N. luekei eggs can go about 7 months if not more in peat in and then you will still find un-eyed up eggs. How long the eyed-up eggs last I am not sure but some of my eggs the last time I wet them never hatched, presumable because the fry was too old and weak to break free of the eggs.

In the wild N. orthonotus, furzeri and rachovii may go several years without hatching because there was no rain. These eggs probably do no exist in the wild as eyed-up eggs though. Marc Bellemans found only clear undeveloped eggs when collected eggs of N. virgatus and sp. aff. rubroreticulatus from mud in Sudan.

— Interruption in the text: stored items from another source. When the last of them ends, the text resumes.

lemma profile_err_le_cosh:
  fixes b lam :: real and s :: nat and x :: int
  defines "B \<equiv> (lam + b * (real s + 1)) / (real s + 1)\<^sup>2" and "X \<equiv> real_of_int x"
  assumes b: "b > 0" "lam = b + 2 * b\<^sup>2" and s: "s \<ge> 1" and thr: "real s + 1 \<ge> sub_threshold b lam"
  shows "profile b s x * (1 - bridge_err lam b s x) \<le> exp (b * ln (real s + 1) - B * (X\<^sup>2 + 1)) * cosh (2 * B * X)"
proof -
  define u where "u = real s + 1"
  define y where "y = 2 * B * X"
  define A where "A = exp (b * ln u - B * (X\<^sup>2 + 1))"
  note B = bridge_coeff_bounds[OF b s thr, folded B_def u_def]
  have s0: "real s > 0" using s by simp
  have lam0: "lam \<ge> 0" using b by simp
  have err: "y ^ 4 / 4 \<le> bridge_err lam b s x - lam / (real s)\<^sup>2"
    unfolding y_def X_def by (rule bridge_err_ge[OF B(1,2)]) (use lam0 b in simp)
  show ?thesis
  proof (cases "y\<^sup>2 \<le> 2")
    case False
    then have "2 ^ 2 < (y\<^sup>2)\<^sup>2" by (intro power_strict_mono) auto
    then have "1 < y ^ 4 / 4" by (simp add: power_mult[symmetric])
    moreover have "0 \<le> lam / (real s)\<^sup>2" using lam0 by simp
    ultimately have "1 - bridge_err lam b s x \<le> 0" using err by linarith
    then have "profile b s x * (1 - bridge_err lam b s x) \<le> 0"
      by (rule mult_nonneg_nonpos[OF profile_nonneg])
    moreover have "0 \<le> exp (b * ln (real s + 1) - B * (X\<^sup>2 + 1)) * cosh (2 * B * X)" by simp
    ultimately show ?thesis by linarith
  next
    case True
    have "ln (real s / u) \<le> real s / u - 1" using s0 unfolding u_def by (intro ln_le_minus_one) simp
    then have "ln (real s) + 1 / u \<le> ln u" using s0 unfolding u_def by (simp add: ln_div field_simps)
    from mult_left_mono[OF this, of b] have K: "b * ln (real s) + b / u \<le> b * ln u"
      using b by (simp add: algebra_simps)
    have lu: "lam / u\<^sup>2 \<le> lam / (real s)\<^sup>2"
      using s0 lam0 unfolding u_def by (intro divide_left_mono power_mono) auto
    have "0 \<le> X\<^sup>2 * (b / real s - B + 2 * B\<^sup>2)" using B(3) by simp
    then have D: "0 \<le> b * X\<^sup>2 / real s - B * X\<^sup>2 + 2 * B\<^sup>2 * X\<^sup>2" by (simp add: algebra_simps)
    have y2: "y\<^sup>2 / 2 = 2 * B\<^sup>2 * X\<^sup>2" unfolding y_def by (simp add: power_mult_distrib)
    have "b * ln (real s) - b * X\<^sup>2 / real s - bridge_err lam b s x
        \<le> b * ln u - (B * X\<^sup>2 + B) + 2 * B\<^sup>2 * X\<^sup>2 - y ^ 4 / 4"
      using K B(4) lu D err by linarith
    then have "profile b s x * exp (- bridge_err lam b s x) \<le> A * exp (y\<^sup>2 / 2 - y ^ 4 / 4)"
      using s unfolding A_def X_def y2 by (simp add: profile_eq_exp mult_exp_exp algebra_simps)
    also have "\<dots> \<le> A * cosh y"
      using exp_le_cosh[OF True] by (simp add: A_def)
    finally have "profile b s x * exp (- bridge_err lam b s x) \<le> A * cosh y" .
    moreover have "profile b s x * (1 - bridge_err lam b s x) \<le> profile b s x * exp (- bridge_err lam b s x)"
      using exp_ge_add_one_self[of "- bridge_err lam b s x"] by (intro mult_left_mono profile_nonneg) simp
    ultimately show ?thesis unfolding A_def y_def u_def by linarith
  qed
qed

For eyed-up eggs there seems a very short window within to get good hatches. For N. sp. Mansa and symoensi this is only a week or two. For rachovii it may be a month or two but this depends a lot on temperature. 

The higher the temperature the higher the maintenance cost of tissues and so the resting fry has to use its energy reserves to repair damage. Once the yolk is gone it will begin to metabolize its tissues... from then it only a matter of time before it has wasted away in the egg.

If you have eyed-up eggs it is best to wet them ASAP IMHO.

Regards

----------


## whuntley

The full answer to this question also involves the genus. True annuals, like Nothos and SAAs tend to be more tolerant of time variations than the semi-annuals of W. Africa.

Those of the _Paludopanchax_ sub-genus will readily hatch in the peat, IME, so failure to dunk when the eggs are fully eyed up has only a short window before the only thing you find is fungused carcasses in the peat. I think most _Paraphyosemions_ (the GAR group) are similar.

Wright

----------